### Supplied material
(* Let $\mathcal{C}$ be a super-modular tensor category and let $\check{\mathcal{C}}$ be any minimal modular extension of $\mathcal{C}$. Then any character $\chi(a)$ of the fusion algebra of $\mathcal{C}$ is of the form \begin{equation} \chi(a) = d_a M_{a,x} \end{equation} for some $x \in \check{\mathcal{C}}$, which is unique up to fusion with $\psi$.
   Context: A super-modular tensor category $\mathcal{C}$ is a unitary braided fusion category whose only nontrivial transparent (invisible) particle is a fermion $\psi$ with $\theta_\psi=-1$ and $\psi\times\psi=1$. A minimal modular extension $\check{\mathcal{C}}$ is a unitary modular tensor category containing $\mathcal{C}$ as a subcategory with total quantum dimension $\mathcal{D}^2_{\check{\mathcal{C}}}=2\mathcal{D}^2_{\mathcal{C}}$. A function $\chi$ on anyon labels is a character of the fusion algebra of $\mathcal{C}$ if $\chi(a)\chi(b)=\sum_{c\in\mathcal{C}}N_{ab}^c\chi(c)$ for all $a,b\in\mathcal{C}$. Here $d_a$ is the quantum dimension and $M_{ab}=S^*_{ab}S_{11}/(S_{1a}S_{1b})$ is the scalar monodromy computed in $\check{\mathcal{C}}$. *)

theory Defs
  imports Complex_Main
begin

(* A unitary modular tensor category, described skeletally through its
   (unitary) modular data: label set L of simple objects, unit one, duality,
   fusion multiplicities N a b c = N_{ab}^c, quantum dimensions d, twists theta,
   and S-matrix. *)

definition total_dim :: "'a set \<Rightarrow> ('a \<Rightarrow> real) \<Rightarrow> real" where
  "total_dim L d = sqrt (\<Sum>a\<in>L. (d a)^2)"

definition umtc ::
  "'a set \<Rightarrow> 'a \<Rightarrow> ('a \<Rightarrow> 'a) \<Rightarrow> ('a \<Rightarrow> 'a \<Rightarrow> 'a \<Rightarrow> nat) \<Rightarrow>
   ('a \<Rightarrow> real) \<Rightarrow> ('a \<Rightarrow> complex) \<Rightarrow> ('a \<Rightarrow> 'a \<Rightarrow> complex) \<Rightarrow> bool" where
  "umtc L one dual N d \<theta> S \<longleftrightarrow>
     finite L \<and> one \<in> L \<and> dual one = one \<and>
     (\<forall>a\<in>L. dual a \<in> L \<and> dual (dual a) = a) \<and>
     (\<forall>a b c. N a b c \<noteq> 0 \<longrightarrow> a \<in> L \<and> b \<in> L \<and> c \<in> L) \<and>
     (\<forall>a\<in>L. \<forall>b\<in>L. N one a b = (if a = b then 1 else 0)) \<and>
     (\<forall>a b c. N a b c = N b a c) \<and>
     (\<forall>a\<in>L. \<forall>b\<in>L. \<forall>c\<in>L. N a b c = N (dual a) c b) \<and>
     (\<forall>a\<in>L. \<forall>b\<in>L. N a b one = (if b = dual a then 1 else 0)) \<and>
     (\<forall>a\<in>L. \<forall>b\<in>L. \<forall>c\<in>L. \<forall>f\<in>L.
        (\<Sum>e\<in>L. N a b e * N e c f) = (\<Sum>e\<in>L. N b c e * N a e f)) \<and>
     (\<forall>a\<in>L. d a > 0 \<and> d (dual a) = d a) \<and>
     (\<forall>a\<in>L. \<forall>b\<in>L. d a * d b = (\<Sum>c\<in>L. real (N a b c) * d c)) \<and>
     (\<forall>a\<in>L. cmod (\<theta> a) = 1 \<and> \<theta> (dual a) = \<theta> a) \<and> \<theta> one = 1 \<and>
     (\<forall>a\<in>L. \<forall>b\<in>L. S a b = (1 / complex_of_real (total_dim L d)) *
        (\<Sum>c\<in>L. of_nat (N (dual a) b c) * (\<theta> c / (\<theta> a * \<theta> b)) * complex_of_real (d c))) \<and>
     (\<forall>a\<in>L. \<forall>b\<in>L. (\<Sum>c\<in>L. S a c * cnj (S b c)) = (if a = b then 1 else 0)) \<and>
     (\<forall>a\<in>L. \<forall>b\<in>L. \<forall>x\<in>L.
        S a x * S b x = S one x * (\<Sum>c\<in>L. of_nat (N a b c) * S c x))"

definition monodromy :: "'a \<Rightarrow> ('a \<Rightarrow> 'a \<Rightarrow> complex) \<Rightarrow> 'a \<Rightarrow> 'a \<Rightarrow> complex" where
  "monodromy one S a b = cnj (S a b) * S one one / (S one a * S one b)"

definition fusion_subcat :: "'a set \<Rightarrow> 'a \<Rightarrow> ('a \<Rightarrow> 'a) \<Rightarrow> ('a \<Rightarrow> 'a \<Rightarrow> 'a \<Rightarrow> nat) \<Rightarrow> 'a set \<Rightarrow> bool" where
  "fusion_subcat L one dual N C \<longleftrightarrow>
     C \<subseteq> L \<and> one \<in> C \<and> (\<forall>a\<in>C. dual a \<in> C) \<and>
     (\<forall>a\<in>C. \<forall>b\<in>C. \<forall>c. N a b c \<noteq> 0 \<longrightarrow> c \<in> C)"

(* C (with the braiding inherited from the ambient UMTC) is super-modular with fermion psi:
   its only transparent simple objects are one and psi, theta_psi = -1, psi x psi = 1 *)
definition super_modular_sub ::
  "'a set \<Rightarrow> 'a \<Rightarrow> ('a \<Rightarrow> 'a) \<Rightarrow> ('a \<Rightarrow> 'a \<Rightarrow> 'a \<Rightarrow> nat) \<Rightarrow>
   ('a \<Rightarrow> complex) \<Rightarrow> ('a \<Rightarrow> 'a \<Rightarrow> complex) \<Rightarrow> 'a set \<Rightarrow> 'a \<Rightarrow> bool" where
  "super_modular_sub L one dual N \<theta> S C \<psi> \<longleftrightarrow>
     fusion_subcat L one dual N C \<and> \<psi> \<in> C \<and> \<psi> \<noteq> one \<and> \<theta> \<psi> = -1 \<and>
     (\<forall>c. N \<psi> \<psi> c = (if c = one then 1 else 0)) \<and>
     {a\<in>C. \<forall>b\<in>C. monodromy one S a b = 1} = {one, \<psi>}"

definition minimal_extension :: "'a set \<Rightarrow> ('a \<Rightarrow> real) \<Rightarrow> 'a set \<Rightarrow> bool" where
  "minimal_extension L d C \<longleftrightarrow> (\<Sum>a\<in>L. (d a)^2) = 2 * (\<Sum>a\<in>C. (d a)^2)"

definition fusion_character ::
  "'a set \<Rightarrow> ('a \<Rightarrow> 'a \<Rightarrow> 'a \<Rightarrow> nat) \<Rightarrow> ('a \<Rightarrow> complex) \<Rightarrow> bool" where
  "fusion_character C N \<chi> \<longleftrightarrow>
     (\<exists>a\<in>C. \<chi> a \<noteq> 0) \<and>
     (\<forall>a\<in>C. \<forall>b\<in>C. \<chi> a * \<chi> b = (\<Sum>c\<in>C. of_nat (N a b c) * \<chi> c))"

end

theory Submission
  imports Defs
begin

text \<open>
  By the Verlinde formula, every simple object \<open>x\<close> of the modular extension gives a character
  \<open>a \<mapsto> cnj (S a x) / S 1 x = d\<^sub>a M\<^sub>a\<^sub>x\<close> of the fusion algebra of \<open>C\<close>. Unitarity of \<open>S\<close> makes
  the rows \<open>S a\<close>, \<open>a \<in> C\<close>, linearly independent, so these characters separate the fusion
  algebra and therefore exhaust all of its characters.
  If \<open>x\<close> and \<open>y\<close> induce the same character, then \<open>\<Sum>\<^sub>a\<^sub>\<in>\<^sub>C S\<^sub>x\<^sub>'\<^sub>a S\<^sub>y\<^sub>a \<noteq> 0\<close>, where the column
  of \<open>x'\<close> is proportional to the conjugate column of \<open>x\<close>. Minimality forces the objects braiding
  trivially with \<open>C\<close> to be exactly \<open>1\<close> and \<open>\<psi>\<close>, which makes this sum proportional to
  \<open>N\<^sub>x\<^sub>'\<^sub>y\<^sup>1 + N\<^sub>x\<^sub>'\<^sub>y\<^sup>\<psi>\<close>; hence \<open>y = x\<close> or \<open>y = \<psi> \<times> x\<close>. Conversely \<open>\<psi>\<close> is transparent to \<open>C\<close>
  and \<open>d\<^sub>\<psi> = 1\<close>, so fusing with \<open>\<psi>\<close> does not change the character.
\<close>

definition fusion_product ::
  "'a set \<Rightarrow> ('a \<Rightarrow> 'a \<Rightarrow> 'a \<Rightarrow> nat) \<Rightarrow> ('a \<Rightarrow> complex) \<Rightarrow> ('a \<Rightarrow> complex) \<Rightarrow> 'a \<Rightarrow> complex" where
  "fusion_product C N u v c = (\<Sum>a\<in>C. \<Sum>b\<in>C. u a * v b * of_nat (N a b c))"

lemma fusion_character_mult:
  "fusion_character C N h \<Longrightarrow> a \<in> C \<Longrightarrow> b \<in> C \<Longrightarrow> h a * h b = (\<Sum>c\<in>C. of_nat (N a b c) * h c)"
  unfolding fusion_character_def by blast

lemma fusion_character_fusion_product:
  assumes "fusion_character C N h"
  shows "(\<Sum>c\<in>C. fusion_product C N u v c * h c) = (\<Sum>a\<in>C. u a * h a) * (\<Sum>b\<in>C. v b * h b)"
proof -
  have "(\<Sum>c\<in>C. fusion_product C N u v c * h c)
      = (\<Sum>c\<in>C. \<Sum>a\<in>C. \<Sum>b\<in>C. u a * v b * (of_nat (N a b c) * h c))"
    by (simp add: fusion_product_def sum_distrib_right mult.assoc)
  also have "\<dots> = (\<Sum>a\<in>C. \<Sum>c\<in>C. \<Sum>b\<in>C. u a * v b * (of_nat (N a b c) * h c))"
    by (rule sum.swap)
  also have "\<dots> = (\<Sum>a\<in>C. \<Sum>b\<in>C. \<Sum>c\<in>C. u a * v b * (of_nat (N a b c) * h c))"
    by (rule sum.cong[OF refl], rule sum.swap)
  also have "\<dots> = (\<Sum>a\<in>C. \<Sum>b\<in>C. u a * v b * (h a * h b))"
    by (rule sum.cong[OF refl], rule sum.cong[OF refl])
      (simp add: fusion_character_mult[OF assms] flip: sum_distrib_left)
  also have "\<dots> = (\<Sum>a\<in>C. u a * h a) * (\<Sum>b\<in>C. v b * h b)"
    by (simp add: sum_product mult_ac)
  finally show ?thesis .
qed

lemma fusion_character_cnj:
  assumes "fusion_character C N h"
  shows "fusion_character C N (\<lambda>a. cnj (h a))"
proof -
  have "cnj (h a) * cnj (h b) = (\<Sum>c\<in>C. of_nat (N a b c) * cnj (h c))" if "a \<in> C" "b \<in> C" for a b
    using arg_cong[OF fusion_character_mult[OF assms that], of cnj] by simp
  moreover have "\<exists>a\<in>C. cnj (h a) \<noteq> 0"
    using assms by (auto simp: fusion_character_def)
  ultimately show ?thesis
    by (simp add: fusion_character_def)
qed
lemma ar_truncated_inversion_L2_error:
  fixes X u :: "int \<Rightarrow> 'a \<Rightarrow> real" and r :: nat
  assumes M: "prob_space M" and X: "stationary_proc M X" "integrable M (\<lambda>\<omega>. \<bar>X 0 \<omega>\<bar> ^ (2 * r))"
    and u: "\<And>t. u t \<in> borel_measurable M"
    and ar: "AE \<omega> in M. \<forall>t. X t \<omega> + (\<Sum>j=1..p. c j * X (t - int j) \<omega>) = u t \<omega>"
    and conv: "\<And>m. (\<Sum>j\<le>m. \<psi> j * lag_coeff c p (m - j)) = (if m = 0 then 1 else 0)"
    and \<psi>: "\<And>j. \<bar>\<psi> j\<bar> \<le> B * \<rho> ^ j" and \<rho>: "0 \<le> \<rho>" "\<rho> \<le> 1"
    and A: "\<And>k. \<bar>lag_coeff c p k\<bar> \<le> A"
  obtains C where "\<And>n. 0 < n \<Longrightarrow> integrable M (\<lambda>\<omega>. (\<bar>\<Sum>j<n. \<psi> j * u (- int j) \<omega>\<bar> ^ r)\<^sup>2)
    \<and> (\<integral>\<omega>. (\<bar>X 0 \<omega>\<bar> ^ r - \<bar>\<Sum>j<n. \<psi> j * u (- int j) \<omega>\<bar> ^ r)\<^sup>2 \<partial>M) \<le> (C * \<rho> ^ n)\<^sup>2"
proof -
  interpret prob_space M by (rule M)
  define K where "K = real r * (2 + real p * A * B) ^ (r - 1) * (real p * A * B) * (real p + 1) ^ r"
  define E where "E = (\<integral>\<omega>. \<bar>X 0 \<omega>\<bar> ^ (2 * r) \<partial>M)"
  have [measurable]: "X t \<in> borel_measurable M" "u t \<in> borel_measurable M" for t
    using X(1) u by (simp_all add: stationary_proc_def)
  have "(\<lambda>x::real. \<bar>x\<bar> ^ (2 * r)) \<in> borel_measurable borel" by measurable
  note moments = stationary_proc_integral[OF X(1) this X(2), folded E_def]
  have E: "0 \<le> E" unfolding E_def by simp
  have sq: "(\<bar>y\<bar> ^ r)\<^sup>2 = \<bar>y\<bar> ^ (2 * r)" for y :: real
    by (simp add: power_mult[symmetric] mult.commute)
  have "integrable M (\<lambda>\<omega>. (\<bar>\<Sum>j<n. \<psi> j * u (- int j) \<omega>\<bar> ^ r)\<^sup>2)
    \<and> (\<integral>\<omega>. (\<bar>X 0 \<omega>\<bar> ^ r - \<bar>\<Sum>j<n. \<psi> j * u (- int j) \<omega>\<bar> ^ r)\<^sup>2 \<partial>M)
      \<le> (K * sqrt ((real p + 1) * E) * \<rho> ^ n)\<^sup>2" if n: "0 < n" for n
  proof -
    define S where "S \<omega> = (\<Sum>j<n. \<psi> j * u (- int j) \<omega>)" for \<omega>
    define I where "I = insert 0 {n..<n+p}"
    define G where "G \<omega> = K\<^sup>2 * (\<rho> ^ n)\<^sup>2 * (\<Sum>m\<in>I. \<bar>X (- int m) \<omega>\<bar> ^ (2 * r))" for \<omega>
    have [measurable]: "S \<in> borel_measurable M" unfolding S_def by measurable
    have "card I = p + 1" using n by (simp add: I_def)
    then have G: "integrable M G" "(\<integral>\<omega>. G \<omega> \<partial>M) = (K * sqrt ((real p + 1) * E) * \<rho> ^ n)\<^sup>2"
      unfolding G_def using moments E by (simp_all add: integral_sum power_mult_distrib)
    have pointwise: "AE \<omega> in M. (\<bar>X 0 \<omega>\<bar> ^ r - \<bar>S \<omega>\<bar> ^ r)\<^sup>2 \<le> G \<omega>"
      using ar
    proof eventually_elim
      case (elim \<omega>)
      show ?case
        unfolding S_def G_def I_def K_def
        by (rule ar_truncated_inversion_power_error[OF conv \<psi> \<rho> A _ n]) (use elim in blast)
    qed
    have diff: "integrable M (\<lambda>\<omega>. (\<bar>X 0 \<omega>\<bar> ^ r - \<bar>S \<omega>\<bar> ^ r)\<^sup>2)"
      by (rule Bochner_Integration.integrable_bound[OF G(1)])
        (use pointwise in \<open>auto elim!: eventually_mono intro: order_trans[OF _ abs_ge_self]\<close>)
    have "integrable M (\<lambda>\<omega>. (\<bar>X 0 \<omega>\<bar> ^ r - (\<bar>X 0 \<omega>\<bar> ^ r - \<bar>S \<omega>\<bar> ^ r))\<^sup>2)"
      by (rule square_integrable_diff) (use moments diff in \<open>auto simp: sq\<close>)
    moreover have "(\<integral>\<omega>. (\<bar>X 0 \<omega>\<bar> ^ r - \<bar>S \<omega>\<bar> ^ r)\<^sup>2 \<partial>M) \<le> (\<integral>\<omega>. G \<omega> \<partial>M)"
      by (intro integral_mono_AE diff G(1) pointwise)
    ultimately show ?thesis unfolding S_def G(2) by simp
  qed
  then show ?thesis using that by blast
qed

lemma arma_abs_power_approximation:
  fixes X \<epsilon> :: "int \<Rightarrow> 'a \<Rightarrow> real" and \<phi> \<theta> \<psi> :: "nat \<Rightarrow> real" and r :: nat
  assumes M: "prob_space M" and X: "stationary_proc M X" "integrable M (\<lambda>\<omega>. \<bar>X 0 \<omega>\<bar> ^ (2 * r))"
    and \<epsilon>: "\<forall>t. \<epsilon> t \<in> borel_measurable M"
    and arma: "\<forall>t. AE \<omega> in M. X t \<omega> + (\<Sum>j=1..p. \<phi> j * X (t - int j) \<omega>)
      = \<epsilon> t \<omega> + (\<Sum>j=1..q. \<theta> j * \<epsilon> (t - int j) \<omega>)"
    and conv: "\<And>m. (\<Sum>j\<le>m. \<psi> j * lag_coeff \<phi> p (m - j)) = (if m = 0 then 1 else 0)"
    and \<psi>: "\<And>j. \<bar>\<psi> j\<bar> \<le> B * \<rho> ^ j" and \<rho>: "0 < \<rho>" "\<rho> < 1"
  obtains C where "\<forall>\<^sub>F k in sequentially. \<exists>Z. Z \<in> borel_measurable (gen_sigma M \<epsilon> (- int k) (int k))
    \<and> integrable M (\<lambda>\<omega>. (Z \<omega>)\<^sup>2) \<and> (\<integral>\<omega>. (\<bar>X 0 \<omega>\<bar> ^ r - Z \<omega>)\<^sup>2 \<partial>M) \<le> (C * \<rho> ^ k)\<^sup>2"
proof -
  define u where "u t \<omega> = \<epsilon> t \<omega> + (\<Sum>i=1..q. \<theta> i * \<epsilon> (t - int i) \<omega>)" for t \<omega>
  have u: "u t \<in> borel_measurable M" for t
    using \<epsilon> unfolding u_def by (intro borel_measurable_add borel_measurable_sum borel_measurable_times) auto
  have ar: "AE \<omega> in M. \<forall>t. X t \<omega> + (\<Sum>j=1..p. \<phi> j * X (t - int j) \<omega>) = u t \<omega>"
    using arma by (simp add: u_def AE_all_countable)
  obtain C where C: "\<And>n. 0 < n \<Longrightarrow> integrable M (\<lambda>\<omega>. (\<bar>\<Sum>j<n. \<psi> j * u (- int j) \<omega>\<bar> ^ r)\<^sup>2)
      \<and> (\<integral>\<omega>. (\<bar>X 0 \<omega>\<bar> ^ r - \<bar>\<Sum>j<n. \<psi> j * u (- int j) \<omega>\<bar> ^ r)\<^sup>2 \<partial>M) \<le> (C * \<rho> ^ n)\<^sup>2"
    by (rule ar_truncated_inversion_L2_error[OF M X u ar conv \<psi> less_imp_le[OF \<rho>(1)]
        less_imp_le[OF \<rho>(2)] abs_lag_coeff_le], rule that)
  have "\<forall>\<^sub>F k in sequentially. \<exists>Z. Z \<in> borel_measurable (gen_sigma M \<epsilon> (- int k) (int k))
    \<and> integrable M (\<lambda>\<omega>. (Z \<omega>)\<^sup>2) \<and> (\<integral>\<omega>. (\<bar>X 0 \<omega>\<bar> ^ r - Z \<omega>)\<^sup>2 \<partial>M) \<le> (C / \<rho> ^ q * \<rho> ^ k)\<^sup>2"
    using eventually_ge_at_top[of q]
  proof eventually_elim
    case (elim k)
    \<comment> \<open>the partial sum of length n only involves the innovations at times -(n + q - 1), ..., 0\<close>
    define n where "n = k + 1 - q"
    have n: "0 < n" "n + q \<le> k + 1" using elim by (auto simp: n_def)
    have "(\<lambda>\<omega>. \<Sum>j<n. \<psi> j * u (- int j) \<omega>) \<in> borel_measurable (gen_sigma M \<epsilon> (- int k) (int k))"
      unfolding u_def using n(2) by (rule ma_partial_sum_measurable_gen_sigma)
    moreover have "(\<lambda>x::real. \<bar>x\<bar> ^ r) \<in> borel_measurable borel" by measurable
    ultimately have measurable: "(\<lambda>\<omega>. \<bar>\<Sum>j<n. \<psi> j * u (- int j) \<omega>\<bar> ^ r)
        \<in> borel_measurable (gen_sigma M \<epsilon> (- int k) (int k))"
      by (rule measurable_compose)
    have "\<rho> ^ n * \<rho> ^ q = \<rho> * \<rho> ^ k"
      using elim by (simp add: n_def flip: power_add power_Suc)
    also have "\<dots> \<le> \<rho> ^ k" using \<rho> by (simp add: mult_left_le_one_le)
    finally have "\<rho> ^ n \<le> \<rho> ^ k / \<rho> ^ q" using \<rho> by (simp add: pos_le_divide_eq)
    then have "C\<^sup>2 * (\<rho> ^ n)\<^sup>2 \<le> C\<^sup>2 * (\<rho> ^ k / \<rho> ^ q)\<^sup>2"
      using \<rho> by (intro mult_left_mono power_mono) auto
    then have "(C * \<rho> ^ n)\<^sup>2 \<le> (C / \<rho> ^ q * \<rho> ^ k)\<^sup>2"
      by (simp add: power_mult_distrib power_divide)
    with measurable C[OF n(1)] show ?case by fastforce
  qed
  then show ?thesis by (rule that)
qed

### Problem details
State how many lines in the entries above hold the word "characters", with no further text.

### The answer
2